Groupon is a great idea, and one that’s easy to copy – just ask LivingSocial, CrowdSavings, Tippr or one of Groupon’s hundreds of other new competitors. LivingSocial already has almost as many visitors as Groupon, with a website that’s hard to distinguish from Groupon’s at times. Groupon didn’t just get big quickly: it reached its perihelion shortly thereafter. Sure, there are millions of non-members to convert, but why should they patronize Groupon when its competitors are offering the same thing free? The competitors are increasing exponentially while the potential customer base grows arithmetically. It’s a Malthusian problem for a different century, only this one doesn’t involve cannibalism and starving orphans. Besides, how many discounted spa treatments can the world handle? (Groupon’s clientele is overwhelmingly 30ish and female.)

Mason’s strategy, at least as he tells it, is to do an initial public offering and turn his company over to ordinary investors by 2014. By which time we’ll have discount-searching polycarbonate chips implanted in our heads. Seriously, at the rate the number of his competitors is growing, Mason could have 2000 Groupon knockoffs to contend with by then.

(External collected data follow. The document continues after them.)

lemma set_integral_fractional_composition:
  assumes x: "0 \<le> x" "x \<le> 1" and fi: "set_integrable lborel {x..1} f"
  shows "(LINT t:{x..1}|lborel. (t - x) powr (\<alpha> - 1) * frac_op \<alpha> K f t)
       = (LINT y:{x..1}|lborel. f y * composite_kernel \<alpha> K x y)"
proof -
  let ?F = "iterated_integrand \<alpha> K f x"
  have "(LINT t:{x..1}|lborel. (t - x) powr (\<alpha> - 1) * frac_op \<alpha> K f t)
      = (\<integral>t. (\<integral>y. ?F y t \<partial>lborel) \<partial>lborel)"
    by (simp add: set_lebesgue_integral_def integral_iterated_integrand_fst)
  also have "\<dots> = (\<integral>y. (\<integral>t. ?F y t \<partial>lborel) \<partial>lborel)"
    by (rule lborel_pair.Fubini_integral[OF integrable_iterated_integrand[OF x(1) fi]])
  also have "\<dots> = (LINT y:{x..1}|lborel. f y * composite_kernel \<alpha> K x y)"
    unfolding set_lebesgue_integral_def
  proof (rule integral_cong_AE)
    show "(\<lambda>y. \<integral>t. ?F y t \<partial>lborel) \<in> borel_measurable lborel"
      using iterated_integrand_measurable[OF x(1) fi]
      by (intro lborel.borel_measurable_lebesgue_integral) (simp add: case_prod_beta)
    have mk: "(\<lambda>y. indicator {x..1} y *\<^sub>R composite_kernel \<alpha> K x y) \<in> borel_measurable borel"
      by (rule borel_measurable_continuous_on_indicator[OF _ continuous_on_composite_kernel[OF \<alpha> LK x]]) simp
    have mf: "(\<lambda>y. indicator {x..1} y *\<^sub>R f y) \<in> borel_measurable borel"
      using fi unfolding set_integrable_def by (simp add: borel_measurable_integrable)
    have eq: "(\<lambda>y. (indicator {x..1} y *\<^sub>R composite_kernel \<alpha> K x y) * (indicator {x..1} y *\<^sub>R f y))
        = (\<lambda>y. indicator {x..1} y *\<^sub>R (f y * composite_kernel \<alpha> K x y))"
      by (simp add: fun_eq_iff split: split_indicator)
    from borel_measurable_times[OF mk mf]
    show "(\<lambda>y. indicator {x..1} y *\<^sub>R (f y * composite_kernel \<alpha> K x y)) \<in> borel_measurable lborel"
      unfolding eq measurable_lborel2 .
    show "AE y in lborel. (\<integral>t. ?F y t \<partial>lborel) = indicator {x..1} y *\<^sub>R (f y * composite_kernel \<alpha> K x y)"
      using AE_lborel_singleton[of x]
    proof (rule eventually_mono)
      fix y assume "y \<noteq> x"
      then show "(\<integral>t. ?F y t \<partial>lborel) = indicator {x..1} y *\<^sub>R (f y * composite_kernel \<alpha> K x y)"
        using iterated_integrand_inner(2)[OF x(1), of y f] iterated_integrand_eq_0[of y x f]
        by (cases "y \<in> {x..1}") auto
    qed
  qed
  finally show ?thesis .
qed

end

context
  fixes \<alpha> :: real and K :: "real \<Rightarrow> real \<Rightarrow> real"
  assumes \<alpha>: "0 < \<alpha>" "\<alpha> < 1" and LK: "Lip_Delta K"
begin

lemma set_integrable_mult_composite_kernel:
  assumes x: "0 \<le> x" "x \<le> 1" and hi: "set_integrable lborel {x..1} h"
  shows "set_integrable lborel {x..1} (\<lambda>y. h y * composite_kernel \<alpha> K x y)"
proof (rule set_integral_mult_bounded(1)[OF hi])
  show "(\<lambda>y. indicator {x..1} y *\<^sub>R composite_kernel \<alpha> K x y) \<in> borel_measurable borel"
    by (rule borel_measurable_continuous_on_indicator[OF _ continuous_on_composite_kernel[OF \<alpha> LK x]]) simp
  show "AE y in lborel. y \<in> {x..1} \<longrightarrow> \<bar>composite_kernel \<alpha> K x y\<bar> \<le> Beta \<alpha> (1 - \<alpha>) * sup_abs K"
    using abs_composite_kernel_le[OF \<alpha> LK] x by (intro AE_I2) auto
  show "0 \<le> Beta \<alpha> (1 - \<alpha>) * sup_abs K"
    using Beta_complement_pos[OF \<alpha>] sup_abs_nonneg[OF LK] by simp
qed

lemma set_integral_composite_kernel_eq_0:
  assumes a0: "0 \<le> a0" and fi: "set_integrable lborel {a0..1} f" and gi: "set_integrable lborel {a0..1} g"
    and eq: "AE t in lborel. t \<in> {a0..1} \<longrightarrow> frac_op \<alpha> K f t = frac_op \<alpha> K g t"
    and x: "a0 \<le> x" "x \<le> 1"
  shows "(LINT y:{x..1}|lborel. (f y - g y) * composite_kernel \<alpha> K x y) = 0"
proof -
  have x': "0 \<le> x" "x \<le> 1" using a0 x by auto
  have fx: "set_integrable lborel {x..1} f"
    by (rule set_integrable_subset[OF fi]) (use x in auto)
  have gx: "set_integrable lborel {x..1} g"
    by (rule set_integrable_subset[OF gi]) (use x in auto)
  have "(LINT t:{x..1}|lborel. (t - x) powr (\<alpha> - 1) * frac_op \<alpha> K f t)
      = (LINT t:{x..1}|lborel. (t - x) powr (\<alpha> - 1) * frac_op \<alpha> K g t)"
    unfolding set_lebesgue_integral_def
  proof (rule integral_cong_AE)
    show "(\<lambda>t. indicator {x..1} t *\<^sub>R ((t - x) powr (\<alpha> - 1) * frac_op \<alpha> K f t)) \<in> borel_measurable lborel"
      "(\<lambda>t. indicator {x..1} t *\<^sub>R ((t - x) powr (\<alpha> - 1) * frac_op \<alpha> K g t)) \<in> borel_measurable lborel"
      using borel_measurable_fractional_composition[OF \<alpha> LK x'(1) fx]
        borel_measurable_fractional_composition[OF \<alpha> LK x'(1) gx] by simp_all
    show "AE t in lborel. indicator {x..1} t *\<^sub>R ((t - x) powr (\<alpha> - 1) * frac_op \<alpha> K f t) =
        indicator {x..1} t *\<^sub>R ((t - x) powr (\<alpha> - 1) * frac_op \<alpha> K g t)"
      using eq by (rule eventually_mono) (use x in \<open>auto simp: indicator_def\<close>)
  qed
  then have "(LINT y:{x..1}|lborel. f y * composite_kernel \<alpha> K x y)
      = (LINT y:{x..1}|lborel. g y * composite_kernel \<alpha> K x y)"
    using set_integral_fractional_composition[OF \<alpha> LK x'] fx gx by simp
  then show ?thesis
    unfolding left_diff_distrib
    using set_integral_diff(2)[OF set_integrable_mult_composite_kernel[OF x' fx]
        set_integrable_mult_composite_kernel[OF x' gx]] by simp
qed

lemma set_integral_mult_composite_kernel_diff:
  assumes uv: "0 \<le> u" "u \<le> v" "v \<le> 1" and hi: "set_integrable lborel {v..1} h"
  shows "set_integrable lborel {v..1} (\<lambda>y. h y * (composite_kernel \<alpha> K u y - composite_kernel \<alpha> K v y))"
    and "\<bar>LINT y:{v..1}|lborel. h y * (composite_kernel \<alpha> K u y - composite_kernel \<alpha> K v y)\<bar>
      \<le> Beta \<alpha> (1 - \<alpha>) * (lip1 K * (v - u)) * (LINT y:{v..1}|lborel. \<bar>h y\<bar>)"
proof -
  have "continuous_on {v..1} (\<lambda>y. composite_kernel \<alpha> K u y - composite_kernel \<alpha> K v y)"
    using uv by (intro continuous_intros continuous_on_composite_kernel[OF \<alpha> LK]
        continuous_on_subset[OF continuous_on_composite_kernel[OF \<alpha> LK, of u]]) auto
  then have m: "(\<lambda>y. indicator {v..1} y *\<^sub>R (composite_kernel \<alpha> K u y - composite_kernel \<alpha> K v y))
      \<in> borel_measurable borel"
    by (rule borel_measurable_continuous_on_indicator[rotated]) simp
  have b: "AE y in lborel. y \<in> {v..1} \<longrightarrow>
      \<bar>composite_kernel \<alpha> K u y - composite_kernel \<alpha> K v y\<bar> \<le> Beta \<alpha> (1 - \<alpha>) * (lip1 K * (v - u))"
    using composite_kernel_lipschitz[OF \<alpha> LK, of u _ v] uv by (intro AE_I2) auto
  have P: "0 \<le> Beta \<alpha> (1 - \<alpha>) * (lip1 K * (v - u))"
    using Beta_complement_pos[OF \<alpha>] lip1_nonneg[OF LK] uv by simp
  note bound = set_integral_mult_bounded[OF hi m b P]
  show "set_integrable lborel {v..1} (\<lambda>y. h y * (composite_kernel \<alpha> K u y - composite_kernel \<alpha> K v y))"
    by (rule bound(1))
  show "\<bar>LINT y:{v..1}|lborel. h y * (composite_kernel \<alpha> K u y - composite_kernel \<alpha> K v y)\<bar>
      \<le> Beta \<alpha> (1 - \<alpha>) * (lip1 K * (v - u)) * (LINT y:{v..1}|lborel. \<bar>h y\<bar>)"
    by (rule bound(2))
qed

lemma set_integral_mult_composite_kernel_near_diag:
  assumes uv: "0 \<le> u" "u \<le> v" "v \<le> 1" and hi: "set_integrable lborel {u..<v} h"
  shows "set_integrable lborel {u..<v} (\<lambda>y. h y * (composite_kernel \<alpha> K u y - Beta \<alpha> (1 - \<alpha>) * K y y))"
    and "\<bar>LINT y:{u..<v}|lborel. h y * (composite_kernel \<alpha> K u y - Beta \<alpha> (1 - \<alpha>) * K y y)\<bar>
      \<le> Beta \<alpha> (1 - \<alpha>) * (lip1 K * (v - u)) * (LINT y:{u..<v}|lborel. \<bar>h y\<bar>)"
proof -
  define B where "B = Beta \<alpha> (1 - \<alpha>)"
  have B: "0 < B" unfolding B_def by (rule Beta_complement_pos[OF \<alpha>])
  have "continuous_on {u..<v} (\<lambda>y. composite_kernel \<alpha> K u y - B * K y y)"
    using uv by (intro continuous_intros continuous_on_subset[OF continuous_on_composite_kernel[OF \<alpha> LK]]
        continuous_on_subset[OF Lip_Delta_continuous_on_diag[OF LK]]) auto
  then have m: "(\<lambda>y. indicator {u..<v} y *\<^sub>R (composite_kernel \<alpha> K u y - B * K y y)) \<in> borel_measurable borel"
    by (rule borel_measurable_continuous_on_indicator[rotated]) simp
  have b: "AE y in lborel. y \<in> {u..<v} \<longrightarrow> \<bar>composite_kernel \<alpha> K u y - B * K y y\<bar> \<le> B * (lip1 K * (v - u))"
  proof (intro AE_I2 impI)
    fix y assume y: "y \<in> {u..<v}"
    have "\<bar>composite_kernel \<alpha> K u y - B * K y y\<bar> \<le> B * (lip1 K * (y - u))"
      unfolding B_def by (rule composite_kernel_near_diag[OF \<alpha> LK]) (use y uv in auto)
    also have "\<dots> \<le> B * (lip1 K * (v - u))"
      using y B lip1_nonneg[OF LK] by (intro mult_left_mono) auto
    finally show "\<bar>composite_kernel \<alpha> K u y - B * K y y\<bar> \<le> B * (lip1 K * (v - u))" .
  qed
  have P: "0 \<le> B * (lip1 K * (v - u))"
    using B lip1_nonneg[OF LK] uv by simp
  note bound = set_integral_mult_bounded[OF hi m b P, unfolded B_def]
  show "set_integrable lborel {u..<v} (\<lambda>y. h y * (composite_kernel \<alpha> K u y - Beta \<alpha> (1 - \<alpha>) * K y y))"
    by (rule bound(1))
  show "\<bar>LINT y:{u..<v}|lborel. h y * (composite_kernel \<alpha> K u y - Beta \<alpha> (1 - \<alpha>) * K y y)\<bar>
      \<le> Beta \<alpha> (1 - \<alpha>) * (lip1 K * (v - u)) * (LINT y:{u..<v}|lborel. \<bar>h y\<bar>)"
    by (rule bound(2))
qed
(* Let $(A,\mathfrak m)$ be a local Prüfer ring which is not Gaussian and such that $\mathfrak m = Z(A)$, and let $I := \mathfrak m$. Then $A \bowtie I$ is a Prüfer ring and is not a Gaussian ring.
   Context: All rings are commutative with identity. For an ideal $I$ of a ring $A$, $A \bowtie I := \{(a, a+i) : a \in A, i \in I\}\subseteq A\times A$ (amalgamated duplication). $Z(A)$ is the set of zero-divisors of $A$. An ideal is regular if it contains a regular element. A ring $R$ is a Prüfer ring if every finitely generated regular ideal of $R$ is invertible. A ring $R$ is Gaussian if $c(gh)=c(g)c(h)$ for all $g,h\in R[x]$, where $c(p)$ is the ideal generated by the coefficients of $p$. *)

theory Defs
  imports "HOL-Algebra.Algebra"
begin

definition zero_divisors :: "('a, 'b) ring_scheme \<Rightarrow> 'a set" where
  "zero_divisors R = {a \<in> carrier R. \<exists>b \<in> carrier R. b \<noteq> \<zero>\<^bsub>R\<^esub> \<and> a \<otimes>\<^bsub>R\<^esub> b = \<zero>\<^bsub>R\<^esub>}"

definition regular_elem :: "('a, 'b) ring_scheme \<Rightarrow> 'a \<Rightarrow> bool" where
  "regular_elem R s \<longleftrightarrow> s \<in> carrier R \<and> s \<notin> zero_divisors R"

definition regular_ideal :: "('a, 'b) ring_scheme \<Rightarrow> 'a set \<Rightarrow> bool" where
  "regular_ideal R I \<longleftrightarrow> ideal I R \<and> (\<exists>x \<in> I. regular_elem R x)"

definition fin_gen_ideal :: "('a, 'b) ring_scheme \<Rightarrow> 'a set \<Rightarrow> bool" where
  "fin_gen_ideal R I \<longleftrightarrow> (\<exists>S. finite S \<and> S \<subseteq> carrier R \<and> I = Idl\<^bsub>R\<^esub> S)"

text \<open>Invertibility of an ideal I, i.e. I I^{-1} = R inside the total quotient ring T(R),
  where I^{-1} = {x \<in> T(R). x I \<subseteq> R}.  Written with a common regular denominator s:
  the ideal J = {a. \<forall>i\<in>I. a i \<in> sR} is s I^{-1} (intersected with R), and
  I I^{-1} = R  iff  I J = sR.\<close>
definition invertible_ideal :: "('a, 'b) ring_scheme \<Rightarrow> 'a set \<Rightarrow> bool" where
  "invertible_ideal R I \<longleftrightarrow>
     (\<exists>s. regular_elem R s \<and>
        I \<cdot>\<^bsub>R\<^esub> {a \<in> carrier R. \<forall>i \<in> I. a \<otimes>\<^bsub>R\<^esub> i \<in> PIdl\<^bsub>R\<^esub> s} = PIdl\<^bsub>R\<^esub> s)"

definition prufer_ring :: "('a, 'b) ring_scheme \<Rightarrow> bool" where
  "prufer_ring R \<longleftrightarrow> cring R \<and>
     (\<forall>I. fin_gen_ideal R I \<and> regular_ideal R I \<longrightarrow> invertible_ideal R I)"

definition content_ideal :: "('a, 'b) ring_scheme \<Rightarrow> 'a list \<Rightarrow> 'a set" where
  "content_ideal R p = Idl\<^bsub>R\<^esub> (set p)"

definition gaussian_ring :: "('a, 'b) ring_scheme \<Rightarrow> bool" where
  "gaussian_ring R \<longleftrightarrow> cring R \<and>
     (\<forall>g \<in> carrier (univ_poly R (carrier R)). \<forall>h \<in> carrier (univ_poly R (carrier R)).
        content_ideal R (g \<otimes>\<^bsub>univ_poly R (carrier R)\<^esub> h)
          = content_ideal R g \<cdot>\<^bsub>R\<^esub> content_ideal R h)"

definition local_ring :: "('a, 'b) ring_scheme \<Rightarrow> 'a set \<Rightarrow> bool" where
  "local_ring R m \<longleftrightarrow> cring R \<and> maximalideal m R \<and> (\<forall>M. maximalideal M R \<longrightarrow> M = m)"

definition amalg_dup :: "('a, 'b) ring_scheme \<Rightarrow> 'a set \<Rightarrow> ('a \<times> 'a) ring" where
  "amalg_dup R I = (RDirProd R R)
     \<lparr> carrier := {(a, a \<oplus>\<^bsub>R\<^esub> i) | a i. a \<in> carrier R \<and> i \<in> I} \<rparr>"

end

theory Submission
  imports Defs
begin

text \<open>
  Since \<open>m = Z(A)\<close>, every element of \<open>A\<close> is a unit or a zero divisor, and this persists in
  \<open>D = A \<bowtie> m\<close>: if \<open>(a, b) \<in> D\<close> with \<open>a \<notin> m\<close>, then also \<open>b \<notin> m\<close>, and \<open>(a\<inverse>, b\<inverse>)\<close> lies in \<open>D\<close>
  because \<open>b\<inverse> - a\<inverse> = (a - b) a\<inverse> b\<inverse>\<close>; if \<open>a \<in> m\<close>, then \<open>(a, b)\<close> is killed by \<open>(z, z)\<close> or \<open>(0, z)\<close>
  for a suitable \<open>z \<noteq> 0\<close>.  So a regular ideal of \<open>D\<close> contains a unit, is all of \<open>D\<close>, and is
  trivially invertible: \<open>D\<close> is Pruefer.  On the other hand \<open>A\<close> is a retract of \<open>D\<close> via the
  diagonal \<open>a \<mapsto> (a, a)\<close> and the first projection, and a retract of a Gaussian ring is
  Gaussian, since contents of polynomials and products of ideals are transported along the
  retraction.
\<close>

lemma (in cring) ideal_le_maximalideal:
  assumes "ideal I R" and "\<one> \<notin> I"
  obtains M where "maximalideal M R" and "I \<subseteq> M"
proof -
  define S where "S = {J. ideal J R \<and> I \<subseteq> J \<and> \<one> \<notin> J}"
  have "\<exists>M\<in>S. \<forall>J\<in>S. M \<subseteq> J \<longrightarrow> J = M"
  proof (rule subset_Zorn_nonempty)
    show "S \<noteq> {}" using assms unfolding S_def by blast
  next
    fix C assume C: "C \<noteq> {}" "subset.chain S C"
    have "subset.chain {J. ideal J R} C" using C(2) unfolding pred_on.chain_def S_def by auto
    from chain_Union_is_ideal[OF this] C(1) have "ideal (\<Union>C) R" by simp
    with C show "\<Union>C \<in> S" unfolding pred_on.chain_def S_def by blast
  qed
  then obtain M where M: "M \<in> S" and M_max: "\<And>J. J \<in> S \<Longrightarrow> M \<subseteq> J \<Longrightarrow> J = M" by blast
  have "maximalideal M R"
  proof (rule maximalidealI)
    show "ideal M R" and "carrier R \<noteq> M" using M unfolding S_def by auto
  next
    fix J assume J: "ideal J R" "M \<subseteq> J" "J \<subseteq> carrier R"
    show "J = M \<or> J = carrier R"
    proof (cases "\<one> \<in> J")
      case True thus ?thesis using ideal.one_imp_carrier[OF J(1)] by blast
    next
      case False thus ?thesis using J M M_max unfolding S_def by blast
    qed
  qed
  with M that show ?thesis unfolding S_def by blast
qed
lemma sum_permutes_apply2:
  fixes g :: "'a \<Rightarrow> 'a \<Rightarrow> real"
  assumes S: "finite S" and a: "a \<in> S" and a': "a' \<in> S" and "a \<noteq> a'"
  shows "(\<Sum>\<pi>\<in>{\<pi>. \<pi> permutes S}. g (\<pi> a) (\<pi> a'))
       = fact (card S - 2) * (\<Sum>j\<in>S. \<Sum>k\<in>S - {j}. g j k)"
proof -
  define S' where "S' = S - {a}"
  have SS: "S = insert a S'" and aS': "a \<notin> S'" and fS': "finite S'" using a S by (auto simp: S'_def)
  have a'S': "a' \<in> S'" using a' \<open>a \<noteq> a'\<close> by (auto simp: S'_def)
  have card_S': "card S' - 1 = card S - 2" using a S by (simp add: S'_def)
  have "(\<Sum>\<pi>\<in>{\<pi>. \<pi> permutes S}. g (\<pi> a) (\<pi> a'))
      = (\<Sum>b\<in>S. \<Sum>q\<in>{p. p permutes S'}.
           g ((Transposition.transpose a b \<circ> q) a) ((Transposition.transpose a b \<circ> q) a'))"
    unfolding SS by (rule sum_over_permutations_insert[OF fS' aS'])
  also have "\<dots> = (\<Sum>b\<in>S. \<Sum>q\<in>{p. p permutes S'}. g b (Transposition.transpose a b (q a')))"
    using aS' by (intro sum.cong refl) (simp add: permutes_not_in)
  also have "\<dots> = (\<Sum>b\<in>S. fact (card S - 2) * (\<Sum>k\<in>S'. g b (Transposition.transpose a b k)))"
  proof (intro sum.cong refl)
    fix b
    show "(\<Sum>q\<in>{p. p permutes S'}. g b (Transposition.transpose a b (q a')))
        = fact (card S - 2) * (\<Sum>k\<in>S'. g b (Transposition.transpose a b k))"
      using sum_permutes_apply[OF fS' a'S', of "\<lambda>k. g b (Transposition.transpose a b k)"]
      unfolding card_S' .
  qed
  also have "\<dots> = (\<Sum>b\<in>S. fact (card S - 2) * (\<Sum>k\<in>S - {b}. g b k))"
  proof (rule sum.cong[OF refl])
    fix b assume "b \<in> S"
    hence "(\<Sum>k\<in>S'. g b (Transposition.transpose a b k)) = (\<Sum>k\<in>S - {b}. g b k)"
      using a by (intro sum.reindex_bij_witness[where i="Transposition.transpose a b"
                                                   and j="Transposition.transpose a b"])
                 (auto simp: S'_def Transposition.transpose_def split: if_splits)
    thus "fact (card S - 2) * (\<Sum>k\<in>S'. g b (Transposition.transpose a b k))
        = fact (card S - 2) * (\<Sum>k\<in>S - {b}. g b k)" by simp
  qed
  finally show ?thesis by (simp add: sum_distrib_left)
qed

lemma fact_eq_mult_fact_minus_2:
  assumes "2 \<le> n"
  shows "(fact n :: real) = real n * (real n - 1) * fact (n - 2)"
proof -
  obtain m where "n = Suc (Suc m)" using assms by (metis add_2_eq_Suc le_Suc_ex)
  thus ?thesis by (simp add: algebra_simps)
qed

lemma sum_permutes_apply_sq_le:
  fixes g :: "'a \<Rightarrow> 'a \<Rightarrow> real"
  assumes S: "finite S" and i: "i \<in> S" and bound: "\<And>j. j \<in> S \<Longrightarrow> \<bar>g i j\<bar> \<le> M"
  shows "(\<Sum>\<pi>\<in>{\<pi>. \<pi> permutes S}. (g i (\<pi> i))\<^sup>2) \<le> fact (card S) * M\<^sup>2"
proof -
  have "(\<Sum>\<pi>\<in>{\<pi>. \<pi> permutes S}. (g i (\<pi> i))\<^sup>2) = fact (card S - 1) * (\<Sum>j\<in>S. (g i j)\<^sup>2)"
    by (rule sum_permutes_apply[OF S i])
  also have "\<dots> \<le> fact (card S - 1) * (\<Sum>j\<in>S. M\<^sup>2)"
  proof (intro mult_left_mono sum_mono)
    fix j assume "j \<in> S"
    thus "(g i j)\<^sup>2 \<le> M\<^sup>2"
      using bound abs_le_square_iff[of "g i j" M] by fastforce
  qed simp
  also have "\<dots> = fact (card S) * M\<^sup>2"
    using S i by (cases "card S") (auto simp: card_gt_0_iff)
  finally show ?thesis .
qed

text \<open>Centring row \<open>i'\<close> kills the product term of the double sum over \<open>k \<noteq> j\<close>.\<close>
lemma sum_permutes_apply2_centred:
  fixes g :: "'a \<Rightarrow> 'a \<Rightarrow> real"
  assumes S: "finite S" and i: "i \<in> S" "i' \<in> S" "i \<noteq> i'" and centred: "(\<Sum>k\<in>S. g i' k) = 0"
  shows "(\<Sum>\<pi>\<in>{\<pi>. \<pi> permutes S}. g i (\<pi> i) * g i' (\<pi> i'))
       = - fact (card S - 2) * (\<Sum>j\<in>S. g i j * g i' j)"
proof -
  have "(\<Sum>k\<in>S - {j}. g i j * g i' k) = - (g i j * g i' j)" if "j \<in> S" for j
  proof -
    have "(\<Sum>k\<in>S - {j}. g i' k) = - g i' j"
      using centred sum.remove[OF S that, of "g i'"] by linarith
    thus ?thesis by (simp add: sum_distrib_left[symmetric])
  qed
  thus ?thesis
    using sum_permutes_apply2[OF S i, of "\<lambda>j k. g i j * g i' k"]
    by (simp add: sum_negf)
qed

lemma sum_permutes_offdiagonal_centred_le:
  fixes g :: "'a \<Rightarrow> 'a \<Rightarrow> real" and M :: real
  assumes S: "finite S" and i: "i \<in> S"
    and centred: "\<And>i. i \<in> S \<Longrightarrow> (\<Sum>j\<in>S. g i j) = 0"
    and bound: "\<And>i j. i \<in> S \<Longrightarrow> j \<in> S \<Longrightarrow> \<bar>g i j\<bar> \<le> M"
  shows "(\<Sum>i'\<in>S - {i}. \<Sum>\<pi>\<in>{\<pi>. \<pi> permutes S}. g i (\<pi> i) * g i' (\<pi> i')) \<le> fact (card S) * M\<^sup>2"
proof (cases "2 \<le> card S")
  case True
  have M: "0 \<le> M" using bound[OF i i] by linarith
  have "(\<Sum>\<pi>\<in>{\<pi>. \<pi> permutes S}. g i (\<pi> i) * g i' (\<pi> i')) \<le> fact (card S - 2) * (card S * M\<^sup>2)"
    if i': "i' \<in> S - {i}" for i'
  proof -
    have "\<bar>\<Sum>j\<in>S. g i j * g i' j\<bar> \<le> (\<Sum>j\<in>S. M\<^sup>2)"
      using i i' bound M
      by (intro order.trans[OF sum_abs sum_mono])
         (auto simp: abs_mult power2_eq_square intro!: mult_mono)
    hence "fact (card S - 2) * - (\<Sum>j\<in>S. g i j * g i' j) \<le> fact (card S - 2) * (card S * M\<^sup>2)"
      by (intro mult_left_mono) (auto dest: abs_le_D2)
    moreover have "i' \<in> S" "i \<noteq> i'" using i' by auto
    ultimately show ?thesis
      using sum_permutes_apply2_centred[of S i i' g, OF S i \<open>i' \<in> S\<close> \<open>i \<noteq> i'\<close> centred[OF \<open>i' \<in> S\<close>]] by simp
  qed
  hence "(\<Sum>i'\<in>S - {i}. \<Sum>\<pi>\<in>{\<pi>. \<pi> permutes S}. g i (\<pi> i) * g i' (\<pi> i'))
      \<le> (\<Sum>i'\<in>S - {i}. fact (card S - 2) * (card S * M\<^sup>2))"
    by (rule sum_mono)
  also have "\<dots> = fact (card S) * M\<^sup>2"
    using S i True by (simp add: fact_eq_mult_fact_minus_2 of_nat_diff)
  finally show ?thesis .
next
  case False
  hence "card (S - {i}) = 0"
    using S i by (simp add: card_Diff_singleton)
  hence "S - {i} = {}"
    using S by simp
  thus ?thesis by (simp only:) simp
qed

lemma sum_permutes_sq_sum_centred_le:
  fixes g :: "'a \<Rightarrow> 'a \<Rightarrow> real" and M :: real
  assumes S: "finite S"
    and centred: "\<And>i. i \<in> S \<Longrightarrow> (\<Sum>j\<in>S. g i j) = 0"
    and bound: "\<And>i j. i \<in> S \<Longrightarrow> j \<in> S \<Longrightarrow> \<bar>g i j\<bar> \<le> M"
  shows "(\<Sum>\<pi>\<in>{\<pi>. \<pi> permutes S}. (\<Sum>i\<in>S. g i (\<pi> i))\<^sup>2) \<le> 2 * card S * fact (card S) * M\<^sup>2"
proof -
  define P where "P = {\<pi>. \<pi> permutes S}"
  have row: "(\<Sum>i'\<in>S. \<Sum>\<pi>\<in>P. g i (\<pi> i) * g i' (\<pi> i')) \<le> 2 * fact (card S) * M\<^sup>2"
    if i: "i \<in> S" for i
  proof -
    have "(\<Sum>\<pi>\<in>P. g i (\<pi> i) * g i (\<pi> i)) \<le> fact (card S) * M\<^sup>2"
      using sum_permutes_apply_sq_le[OF S i, of g M] bound i
      by (simp add: P_def power2_eq_square)
    with sum_permutes_offdiagonal_centred_le[of S i g M, OF S i centred bound] show ?thesis
      using S i by (simp add: P_def sum.remove[of S i])
  qed
  have "(\<Sum>\<pi>\<in>P. (\<Sum>i\<in>S. g i (\<pi> i))\<^sup>2) = (\<Sum>\<pi>\<in>P. \<Sum>i\<in>S. \<Sum>i'\<in>S. g i (\<pi> i) * g i' (\<pi> i'))"
    by (simp add: power2_eq_square sum_product)
  also have "\<dots> = (\<Sum>i\<in>S. \<Sum>\<pi>\<in>P. \<Sum>i'\<in>S. g i (\<pi> i) * g i' (\<pi> i'))"
    by (rule sum.swap)
  also have "\<dots> = (\<Sum>i\<in>S. \<Sum>i'\<in>S. \<Sum>\<pi>\<in>P. g i (\<pi> i) * g i' (\<pi> i'))"
    by (rule sum.cong[OF refl], rule sum.swap)
  also have "\<dots> \<le> (\<Sum>i\<in>S. 2 * fact (card S) * M\<^sup>2)"
    by (intro sum_mono row)
  also have "\<dots> = 2 * card S * fact (card S) * M\<^sup>2"
    by simp
  finally show ?thesis unfolding P_def .
qed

The greater the dilution, the less interest Google or anyone else will have in Groupon’s targeted customer information. Groupon management let a winning lottery ticket expire in the name of future aspirations. The iron is almost cool to the touch as this point, and Mason still isn’t striking it. Check back in a few months when another potential suitor makes a low-9-digit offer for Groupon. If that.

And if someone offers you what seems like a ridiculously high price for something, don’t double down on your own good fortune. Take the freaking money.